Mexican football club

Club Futbol Asturias de Puebla was a Mexican club that was one of the pioneers of association football in the state and city of Puebla. The club was founded in 1918 as Asturias de Puebla, by mostly Mexican natives and the Spaniard Asturias community. The club was one of the most successful of the amateur era in Puebla. The club would dissolve in the early 1940s when it merged with España de Puebla, a few years before professional football was established in Mexico.

==History==

Club Asturias de Puebla was founded on 1918 by Manuel Hill Owner of La Constancia Mexicana a textile factory in the city of Puebla. The club was in some way inspired by Club Asturias from Mexico City who they would go on to use that clubs jersey colors and vertical blue stripes. The first few years the club was made up by the textile factory workers who would quickly picked up the game.

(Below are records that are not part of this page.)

lemma independent_indicators:
  fixes Q :: "'v::finite set set"
  assumes ne: "\<And>X. X \<in> Q \<Longrightarrow> X \<noteq> {}"
    and disj: "\<And>X Y. X \<in> Q \<Longrightarrow> Y \<in> Q \<Longrightarrow> X = Y \<or> X \<inter> Y = {}"
  shows "independent (ind ` Q)" and "card (ind ` Q) = card Q"
proof -
  have ind_inj: "inj ind"
    by (rule injI) (auto simp: ind_def vec_eq_iff, (metis zero_neq_one)+)
  then show "card (ind ` Q) = card Q" by (meson card_image inj_on_subset subset_UNIV)
  have "ind X \<bullet> ind Y = 0" if "X \<inter> Y = {}" for X Y :: "'v set"
    using that by (auto simp: ind_def inner_vec_def intro!: sum.neutral)
  then have "pairwise orthogonal (ind ` Q)"
    unfolding pairwise_def orthogonal_def using disj by (metis imageE)
  moreover have "0 \<notin> ind ` Q"
  proof
    assume "0 \<in> ind ` Q"
    then obtain X v where "X \<in> Q" "ind X = 0" "v \<in> X" using ne by (metis all_not_in_conv imageE)
    then have "ind X $ v = 0" by simp
    moreover have "ind X $ v = 1" using \<open>v \<in> X\<close> by (simp add: ind_def)
    ultimately show False by simp
  qed
  ultimately show "independent (ind ` Q)" by (rule pairwise_orthogonal_independent)
qed

definition class_constant :: "'v rel \<Rightarrow> 'v set \<Rightarrow> (real^'v::finite) set" where
  "class_constant R Vs = {z. (\<forall>v. v \<notin> Vs \<longrightarrow> z$v = 0) \<and> (\<forall>u w. (u, w) \<in> R \<longrightarrow> z$u = z$w)}"

lemma quotient_class_props:
  assumes eqR: "equiv UNIV R" and closed: "R `` Vs \<subseteq> Vs"
    and X: "X \<in> Vs // R"
  shows "X \<subseteq> Vs" and "X \<noteq> {}" and "\<And>Y. Y \<in> Vs // R \<Longrightarrow> X = Y \<or> X \<inter> Y = {}"
proof -
  show "X \<subseteq> Vs" "X \<noteq> {}" using X closed eqR by (auto simp: quotient_def equiv_def refl_on_def)
  have in_UNIV: "Y \<in> UNIV // R" if "Y \<in> Vs // R" for Y using that by (auto simp: quotient_def)
  show "X = Y \<or> X \<inter> Y = {}" if "Y \<in> Vs // R" for Y
    using quotient_disj[OF eqR in_UNIV[OF X] in_UNIV[OF that]] .
qed
(* Let $n>1$, $j_0,\dots,j_{n-1}\in\mathbb Z/(n)$ with $j_i=j_{-i}$ for all $i$, and let $B=B_{j_0,\dots,j_{n-1}}$, $X$ and $r_{j_0,\dots,j_{n-1}}$ be as in the context. Then $(X,r_{j_0,\dots,j_{n-1}})$ is a solution of the YBE, and: (a) it is indecomposable if and only if the additive subgroup of $\mathbb Z/(n)$ generated by $j_0,\dots,j_{n-1}$ is $\mathbb Z/(n)$; (b) it is irretractable if and only if the $n$ rows of the matrix $(j_{l-k})_{k,l\in\mathbb Z/(n)}$ are pairwise distinct, i.e. if $i,i'\in\mathbb Z/(n)$ satisfy $j_{i+k}=j_{i'+k}$ for every $k$, then $i=i'$.
   Context: Let $n>1$ and let $e_i$ ($i\in\mathbb Z/(n)$) be the standard basis of the free $\mathbb Z/(n)$-module $(\mathbb Z/(n))^n$, indices in $\mathbb Z/(n)$. Let $\alpha:\mathbb Z/(n)\to\mathrm{Aut}((\mathbb Z/(n))^n)$, $\alpha(i)(e_k)=e_{i+k}$. Given $j_0,\dots,j_{n-1}\in\mathbb Z/(n)$ with $j_i=j_{-i}$, let $b=b_{j_0,\dots,j_{n-1}}$ be the bilinear form on $(\mathbb Z/(n))^n$ with $b(e_k,e_l)=j_{l-k}$. $B_{j_0,\dots,j_{n-1}}$ is the set $(\mathbb Z/(n))^n\times\mathbb Z/(n)$ with multiplication $(u,i)\circ(v,j)=(u+\alpha(i)(v),i+j)$ and addition $(u,i)+(v,j)=(u+v,i+j+b(u,v))$; this is a left brace (a set with abelian group $+$ and group $\circ$ satisfying $a\circ(b+c)+a=a\circ b+a\circ c$), with lambda map $\lambda_{(u,i)}(v,j)=-(u,i)+(u,i)\circ(v,j)=(\alpha(i)(v),\ j-b(u,\alpha(i)(v)))$. Let $x_{ij}=(e_i,j)$ and $X=\{x_{ij}: i,j\in\mathbb Z/(n)\}$; then $\lambda_{x_{ij}}(x_{kl})=x_{k+j,\ l-j_{k+j-i}}$. Define $r_{j_0,\dots,j_{n-1}}:X\times X\to X\times X$ by $r(x,y)=(\lambda_x(y),\lambda^{-1}_{\lambda_x(y)}(x))$. A solution of the YBE is a pair $(X,r)$, $r(x,y)=(\sigma_x(y),\gamma_y(x))$, with $r^2=\mathrm{id}$, all $\sigma_x,\gamma_x$ bijective, and $r_{12}r_{23}r_{12}=r_{23}r_{12}r_{23}$; indecomposable means $\langle\sigma_x\rangle\le\mathrm{Sym}_X$ is transitive; irretractable means $\sigma_x\ne\sigma_y$ for $x\ne y$. *)

theory Defs
  imports Main
begin

text \<open>Z/(n) is represented by the integers 0..n-1, all arithmetic
reduced with mod n. A vector of (Z/(n))^n is a function int => int with values in
0..n-1 on indices 0..n-1 and 0 outside. The parameters j_0..j_{n-1} are a function
jj :: int => int, always accessed as jj (k mod n).\<close>

definition zn :: "int \<Rightarrow> int set" where
  "zn n = {0..<n}"

definition vecs :: "int \<Rightarrow> (int \<Rightarrow> int) set" where
  "vecs n = {u. (\<forall>k\<in>zn n. u k \<in> zn n) \<and> (\<forall>k. k \<notin> zn n \<longrightarrow> u k = 0)}"

definition Bset :: "int \<Rightarrow> ((int \<Rightarrow> int) \<times> int) set" where
  "Bset n = vecs n \<times> zn n"

definition evec :: "int \<Rightarrow> int \<Rightarrow> (int \<Rightarrow> int)" where
  "evec n i = (\<lambda>k. if k = i mod n then 1 else 0)"

text \<open>alpha(i)(v), so that alpha(i)(e_k) = e_(i+k)\<close>
definition alpha :: "int \<Rightarrow> int \<Rightarrow> (int \<Rightarrow> int) \<Rightarrow> (int \<Rightarrow> int)" where
  "alpha n i v = (\<lambda>m. if m \<in> zn n then v ((m - i) mod n) else 0)"

definition bform :: "int \<Rightarrow> (int \<Rightarrow> int) \<Rightarrow> (int \<Rightarrow> int) \<Rightarrow> (int \<Rightarrow> int) \<Rightarrow> int" where
  "bform n jj u v = (\<Sum>k\<in>zn n. \<Sum>l\<in>zn n. u k * v l * jj ((l - k) mod n)) mod n"

definition blam :: "int \<Rightarrow> (int \<Rightarrow> int) \<Rightarrow> ((int \<Rightarrow> int) \<times> int) \<Rightarrow> ((int \<Rightarrow> int) \<times> int) \<Rightarrow> ((int \<Rightarrow> int) \<times> int)" where
  "blam n jj a c = (case a of (u, i) \<Rightarrow> case c of (v, j) \<Rightarrow>
      (alpha n i v, (j - bform n jj u (alpha n i v)) mod n))"

definition blam_inv :: "int \<Rightarrow> (int \<Rightarrow> int) \<Rightarrow> ((int \<Rightarrow> int) \<times> int) \<Rightarrow> ((int \<Rightarrow> int) \<times> int) \<Rightarrow> ((int \<Rightarrow> int) \<times> int)" where
  "blam_inv n jj a = the_inv_into (Bset n) (blam n jj a)"

definition xel :: "int \<Rightarrow> int \<Rightarrow> int \<Rightarrow> ((int \<Rightarrow> int) \<times> int)" where
  "xel n i j = (evec n i, j mod n)"

definition Xset :: "int \<Rightarrow> ((int \<Rightarrow> int) \<times> int) set" where
  "Xset n = {xel n i j | i j. i \<in> zn n \<and> j \<in> zn n}"

definition rmap :: "int \<Rightarrow> (int \<Rightarrow> int) \<Rightarrow> ((int \<Rightarrow> int) \<times> int) \<times> ((int \<Rightarrow> int) \<times> int)
    \<Rightarrow> ((int \<Rightarrow> int) \<times> int) \<times> ((int \<Rightarrow> int) \<times> int)" where
  "rmap n jj p = (case p of (x, y) \<Rightarrow>
      (blam n jj x y, blam_inv n jj (blam n jj x y) x))"

definition sig :: "('a \<times> 'a \<Rightarrow> 'a \<times> 'a) \<Rightarrow> 'a \<Rightarrow> 'a \<Rightarrow> 'a" where
  "sig r x y = fst (r (x, y))"

definition gam :: "('a \<times> 'a \<Rightarrow> 'a \<times> 'a) \<Rightarrow> 'a \<Rightarrow> 'a \<Rightarrow> 'a" where
  "gam r y x = snd (r (x, y))"

definition r12 :: "('a \<times> 'a \<Rightarrow> 'a \<times> 'a) \<Rightarrow> 'a \<times> 'a \<times> 'a \<Rightarrow> 'a \<times> 'a \<times> 'a" where
  "r12 r t = (case t of (x, y, z) \<Rightarrow> (case r (x, y) of (a, b) \<Rightarrow> (a, b, z)))"

definition r23 :: "('a \<times> 'a \<Rightarrow> 'a \<times> 'a) \<Rightarrow> 'a \<times> 'a \<times> 'a \<Rightarrow> 'a \<times> 'a \<times> 'a" where
  "r23 r t = (case t of (x, y, z) \<Rightarrow> (case r (y, z) of (b, c) \<Rightarrow> (x, b, c)))"

definition ybe_solution :: "'a set \<Rightarrow> ('a \<times> 'a \<Rightarrow> 'a \<times> 'a) \<Rightarrow> bool" where
  "ybe_solution X r \<longleftrightarrow>
     (\<forall>p \<in> X \<times> X. r p \<in> X \<times> X) \<and>
     (\<forall>p \<in> X \<times> X. r (r p) = p) \<and>
     (\<forall>x \<in> X. bij_betw (sig r x) X X) \<and>
     (\<forall>x \<in> X. bij_betw (gam r x) X X) \<and>
     (\<forall>t \<in> X \<times> X \<times> X. r12 r (r23 r (r12 r t)) = r23 r (r12 r (r23 r t)))"

inductive_set sig_group :: "'a set \<Rightarrow> ('a \<times> 'a \<Rightarrow> 'a \<times> 'a) \<Rightarrow> ('a \<Rightarrow> 'a) set"
  for X r where
  sg_id: "id \<in> sig_group X r"
| sg_gen: "x \<in> X \<Longrightarrow> g \<in> sig_group X r \<Longrightarrow> (sig r x \<circ> g) \<in> sig_group X r"
| sg_inv: "x \<in> X \<Longrightarrow> g \<in> sig_group X r \<Longrightarrow> (inv_into X (sig r x) \<circ> g) \<in> sig_group X r"

definition indecomposable :: "'a set \<Rightarrow> ('a \<times> 'a \<Rightarrow> 'a \<times> 'a) \<Rightarrow> bool" where
  "indecomposable X r \<longleftrightarrow> (\<forall>x\<in>X. \<forall>y\<in>X. \<exists>g\<in>sig_group X r. g x = y)"

definition irretractable :: "'a set \<Rightarrow> ('a \<times> 'a \<Rightarrow> 'a \<times> 'a) \<Rightarrow> bool" where
  "irretractable X r \<longleftrightarrow>
     (\<forall>x\<in>X. \<forall>y\<in>X. x \<noteq> y \<longrightarrow> (\<exists>z\<in>X. sig r x z \<noteq> sig r y z))"

definition gen_subgroup :: "int \<Rightarrow> (int \<Rightarrow> int) \<Rightarrow> int set" where
  "gen_subgroup n jj = {(\<Sum>i\<in>zn n. c i * jj i) mod n | c. True}"

end

theory Submission
  imports Defs
begin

During the 1920s the club would have a fierce rivalry against Club Espana who would go on to win multiple state championships during this decade. During the 1930s the tables would turn having Asturias dominated this decade winning multiple state and national championships.In 1936 Asturias would be invited to play an exhibition game to inaugurate the Parque Asturias against a representative squad of Mexico city.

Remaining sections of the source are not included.